**TASK DIRECTIONS**
For the entries below, the expected answer is the line with "proof (cases k)", the line with "k'] by simp", and every line between them, exactly as written, and nothing more.

DATASET EXCERPTS: Begin

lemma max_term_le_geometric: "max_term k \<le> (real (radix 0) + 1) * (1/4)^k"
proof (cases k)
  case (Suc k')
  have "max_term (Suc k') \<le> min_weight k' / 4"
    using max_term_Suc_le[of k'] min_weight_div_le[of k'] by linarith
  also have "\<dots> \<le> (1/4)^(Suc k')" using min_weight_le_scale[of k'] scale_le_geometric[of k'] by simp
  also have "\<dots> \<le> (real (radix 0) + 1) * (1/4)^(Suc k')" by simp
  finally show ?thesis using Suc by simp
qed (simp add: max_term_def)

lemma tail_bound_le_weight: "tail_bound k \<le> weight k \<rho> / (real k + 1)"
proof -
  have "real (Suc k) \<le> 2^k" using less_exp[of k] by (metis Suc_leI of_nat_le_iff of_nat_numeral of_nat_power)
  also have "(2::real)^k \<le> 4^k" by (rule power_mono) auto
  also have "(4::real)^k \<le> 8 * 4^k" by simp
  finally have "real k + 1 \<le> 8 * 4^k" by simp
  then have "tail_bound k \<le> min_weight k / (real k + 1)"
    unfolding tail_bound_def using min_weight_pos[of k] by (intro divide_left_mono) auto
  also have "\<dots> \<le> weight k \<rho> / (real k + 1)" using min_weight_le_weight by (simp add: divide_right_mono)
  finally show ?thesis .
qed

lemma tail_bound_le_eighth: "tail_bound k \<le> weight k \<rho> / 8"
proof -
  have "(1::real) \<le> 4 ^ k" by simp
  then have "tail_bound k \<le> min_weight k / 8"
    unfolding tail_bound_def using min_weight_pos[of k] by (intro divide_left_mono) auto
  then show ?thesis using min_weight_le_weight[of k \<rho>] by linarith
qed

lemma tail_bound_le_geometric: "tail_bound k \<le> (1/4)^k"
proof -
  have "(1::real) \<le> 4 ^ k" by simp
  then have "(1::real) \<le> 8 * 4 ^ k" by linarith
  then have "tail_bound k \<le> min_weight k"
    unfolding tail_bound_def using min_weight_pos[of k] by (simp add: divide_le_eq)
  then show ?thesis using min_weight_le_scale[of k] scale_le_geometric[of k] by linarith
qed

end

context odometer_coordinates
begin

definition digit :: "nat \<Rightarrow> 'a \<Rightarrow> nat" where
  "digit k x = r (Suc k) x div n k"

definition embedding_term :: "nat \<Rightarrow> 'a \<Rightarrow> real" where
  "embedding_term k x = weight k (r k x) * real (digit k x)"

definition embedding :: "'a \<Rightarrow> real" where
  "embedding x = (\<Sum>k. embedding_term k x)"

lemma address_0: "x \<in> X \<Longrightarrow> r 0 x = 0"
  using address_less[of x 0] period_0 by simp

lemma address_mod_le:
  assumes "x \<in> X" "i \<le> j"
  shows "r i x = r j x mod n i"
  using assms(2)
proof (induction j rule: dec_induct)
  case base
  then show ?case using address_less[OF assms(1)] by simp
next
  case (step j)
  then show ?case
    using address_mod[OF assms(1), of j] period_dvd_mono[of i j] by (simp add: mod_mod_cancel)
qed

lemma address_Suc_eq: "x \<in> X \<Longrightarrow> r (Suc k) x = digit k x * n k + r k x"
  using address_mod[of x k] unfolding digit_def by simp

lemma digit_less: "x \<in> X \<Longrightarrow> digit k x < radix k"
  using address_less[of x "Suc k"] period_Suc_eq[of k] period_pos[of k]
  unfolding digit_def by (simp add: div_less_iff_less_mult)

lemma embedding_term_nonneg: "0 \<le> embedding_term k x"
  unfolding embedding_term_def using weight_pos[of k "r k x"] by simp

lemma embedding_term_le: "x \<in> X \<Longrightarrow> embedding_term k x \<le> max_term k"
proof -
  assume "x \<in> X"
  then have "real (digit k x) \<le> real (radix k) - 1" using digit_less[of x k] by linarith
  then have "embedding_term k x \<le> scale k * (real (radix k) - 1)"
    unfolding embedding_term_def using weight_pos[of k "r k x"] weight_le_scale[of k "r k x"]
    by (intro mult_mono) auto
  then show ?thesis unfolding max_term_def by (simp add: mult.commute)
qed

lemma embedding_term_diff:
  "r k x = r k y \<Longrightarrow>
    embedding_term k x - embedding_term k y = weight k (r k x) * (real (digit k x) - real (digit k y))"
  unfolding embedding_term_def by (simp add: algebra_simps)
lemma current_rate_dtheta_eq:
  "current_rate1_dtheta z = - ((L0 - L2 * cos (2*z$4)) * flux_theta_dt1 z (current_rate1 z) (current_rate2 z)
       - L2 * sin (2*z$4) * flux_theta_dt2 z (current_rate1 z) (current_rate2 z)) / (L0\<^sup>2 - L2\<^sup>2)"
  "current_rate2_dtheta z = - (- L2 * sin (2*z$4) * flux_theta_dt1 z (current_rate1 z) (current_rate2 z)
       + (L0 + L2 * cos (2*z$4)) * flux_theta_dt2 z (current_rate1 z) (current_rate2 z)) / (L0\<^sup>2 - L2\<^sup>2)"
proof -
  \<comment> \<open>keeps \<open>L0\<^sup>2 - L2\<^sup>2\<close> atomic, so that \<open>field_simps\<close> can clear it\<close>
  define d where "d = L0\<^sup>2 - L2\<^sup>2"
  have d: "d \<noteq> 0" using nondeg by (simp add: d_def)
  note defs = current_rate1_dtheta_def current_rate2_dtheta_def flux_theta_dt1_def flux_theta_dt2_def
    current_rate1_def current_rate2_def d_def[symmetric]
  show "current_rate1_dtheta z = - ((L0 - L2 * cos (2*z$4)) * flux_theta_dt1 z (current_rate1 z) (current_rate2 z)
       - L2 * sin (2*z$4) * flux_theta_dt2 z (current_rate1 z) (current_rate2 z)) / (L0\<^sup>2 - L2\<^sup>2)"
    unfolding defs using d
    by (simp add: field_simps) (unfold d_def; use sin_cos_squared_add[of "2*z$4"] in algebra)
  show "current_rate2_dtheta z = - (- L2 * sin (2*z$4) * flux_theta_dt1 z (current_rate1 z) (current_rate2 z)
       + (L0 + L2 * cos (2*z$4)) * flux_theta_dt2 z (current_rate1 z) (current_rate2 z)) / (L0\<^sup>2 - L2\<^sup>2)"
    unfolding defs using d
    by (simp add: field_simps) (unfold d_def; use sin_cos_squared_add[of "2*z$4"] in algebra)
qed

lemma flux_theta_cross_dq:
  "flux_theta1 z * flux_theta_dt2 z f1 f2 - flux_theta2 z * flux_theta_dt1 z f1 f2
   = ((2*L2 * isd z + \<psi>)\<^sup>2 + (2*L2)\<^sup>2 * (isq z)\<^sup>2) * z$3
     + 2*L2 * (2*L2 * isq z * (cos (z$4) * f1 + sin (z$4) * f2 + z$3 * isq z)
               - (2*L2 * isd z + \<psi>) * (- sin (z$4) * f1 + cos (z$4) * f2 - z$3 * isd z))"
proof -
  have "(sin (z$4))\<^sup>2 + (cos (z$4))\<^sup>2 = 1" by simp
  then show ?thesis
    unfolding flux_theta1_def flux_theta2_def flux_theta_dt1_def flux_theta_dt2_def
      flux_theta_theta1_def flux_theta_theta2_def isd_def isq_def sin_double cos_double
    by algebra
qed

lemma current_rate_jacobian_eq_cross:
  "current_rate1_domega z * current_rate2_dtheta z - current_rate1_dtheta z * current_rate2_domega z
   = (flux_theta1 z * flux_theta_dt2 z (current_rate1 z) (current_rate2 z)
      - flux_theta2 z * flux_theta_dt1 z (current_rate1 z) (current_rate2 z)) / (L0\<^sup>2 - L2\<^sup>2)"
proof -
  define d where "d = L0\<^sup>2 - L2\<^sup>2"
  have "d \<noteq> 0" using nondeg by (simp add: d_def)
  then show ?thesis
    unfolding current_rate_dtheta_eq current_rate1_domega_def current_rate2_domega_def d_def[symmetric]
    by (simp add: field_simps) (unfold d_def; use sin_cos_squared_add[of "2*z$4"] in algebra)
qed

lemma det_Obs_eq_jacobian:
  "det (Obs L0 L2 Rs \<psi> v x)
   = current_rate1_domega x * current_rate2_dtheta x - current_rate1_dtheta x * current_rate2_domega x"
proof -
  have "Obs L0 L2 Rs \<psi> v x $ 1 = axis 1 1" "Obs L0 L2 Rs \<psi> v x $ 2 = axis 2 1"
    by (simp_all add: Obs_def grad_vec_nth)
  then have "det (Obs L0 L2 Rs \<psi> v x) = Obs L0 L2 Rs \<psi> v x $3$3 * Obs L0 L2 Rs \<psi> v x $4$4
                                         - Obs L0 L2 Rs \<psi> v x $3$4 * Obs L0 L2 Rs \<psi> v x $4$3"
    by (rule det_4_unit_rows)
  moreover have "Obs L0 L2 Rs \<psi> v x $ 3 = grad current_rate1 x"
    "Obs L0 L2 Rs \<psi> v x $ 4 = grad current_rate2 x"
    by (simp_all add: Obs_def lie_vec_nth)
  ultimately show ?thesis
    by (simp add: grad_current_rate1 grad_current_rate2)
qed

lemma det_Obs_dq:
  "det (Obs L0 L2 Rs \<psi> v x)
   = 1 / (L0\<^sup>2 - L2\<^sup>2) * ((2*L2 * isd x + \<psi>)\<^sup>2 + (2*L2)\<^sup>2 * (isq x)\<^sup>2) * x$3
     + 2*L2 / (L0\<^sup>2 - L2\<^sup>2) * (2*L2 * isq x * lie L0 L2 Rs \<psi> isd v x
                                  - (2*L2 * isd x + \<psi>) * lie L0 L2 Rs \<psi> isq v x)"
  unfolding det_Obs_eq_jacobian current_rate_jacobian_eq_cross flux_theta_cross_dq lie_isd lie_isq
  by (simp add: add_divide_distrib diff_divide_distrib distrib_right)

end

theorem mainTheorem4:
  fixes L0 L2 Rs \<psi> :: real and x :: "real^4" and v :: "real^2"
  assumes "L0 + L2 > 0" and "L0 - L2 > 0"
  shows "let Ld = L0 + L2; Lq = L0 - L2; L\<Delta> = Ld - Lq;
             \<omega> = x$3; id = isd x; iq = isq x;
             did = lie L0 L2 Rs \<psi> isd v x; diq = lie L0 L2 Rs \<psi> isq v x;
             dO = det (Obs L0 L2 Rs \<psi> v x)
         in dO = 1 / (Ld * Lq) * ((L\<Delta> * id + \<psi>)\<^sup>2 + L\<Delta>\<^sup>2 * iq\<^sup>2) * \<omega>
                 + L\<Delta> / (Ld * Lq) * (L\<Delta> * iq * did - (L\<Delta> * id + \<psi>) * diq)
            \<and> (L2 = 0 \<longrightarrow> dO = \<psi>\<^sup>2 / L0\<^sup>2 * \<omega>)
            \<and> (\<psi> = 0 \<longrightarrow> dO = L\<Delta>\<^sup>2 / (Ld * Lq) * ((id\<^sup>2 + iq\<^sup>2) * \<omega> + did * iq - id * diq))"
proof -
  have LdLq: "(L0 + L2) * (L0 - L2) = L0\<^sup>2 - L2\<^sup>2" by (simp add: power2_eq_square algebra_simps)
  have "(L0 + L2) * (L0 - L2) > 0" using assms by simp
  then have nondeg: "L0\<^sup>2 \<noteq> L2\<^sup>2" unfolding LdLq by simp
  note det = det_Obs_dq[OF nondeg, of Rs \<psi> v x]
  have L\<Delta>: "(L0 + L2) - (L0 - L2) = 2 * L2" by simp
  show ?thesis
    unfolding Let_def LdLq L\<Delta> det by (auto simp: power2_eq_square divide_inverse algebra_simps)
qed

DATASET EXCERPTS: End

**RESPONSE AREA**
proof (cases k)
  case (Suc k')
  have "max_term (Suc k') \<le> min_weight k' / 4"
    using max_term_Suc_le[of k'] min_weight_div_le[of k'] by linarith
  also have "\<dots> \<le> (1/4)^(Suc k')" using min_weight_le_scale[of k'] scale_le_geometric[of k'] by simp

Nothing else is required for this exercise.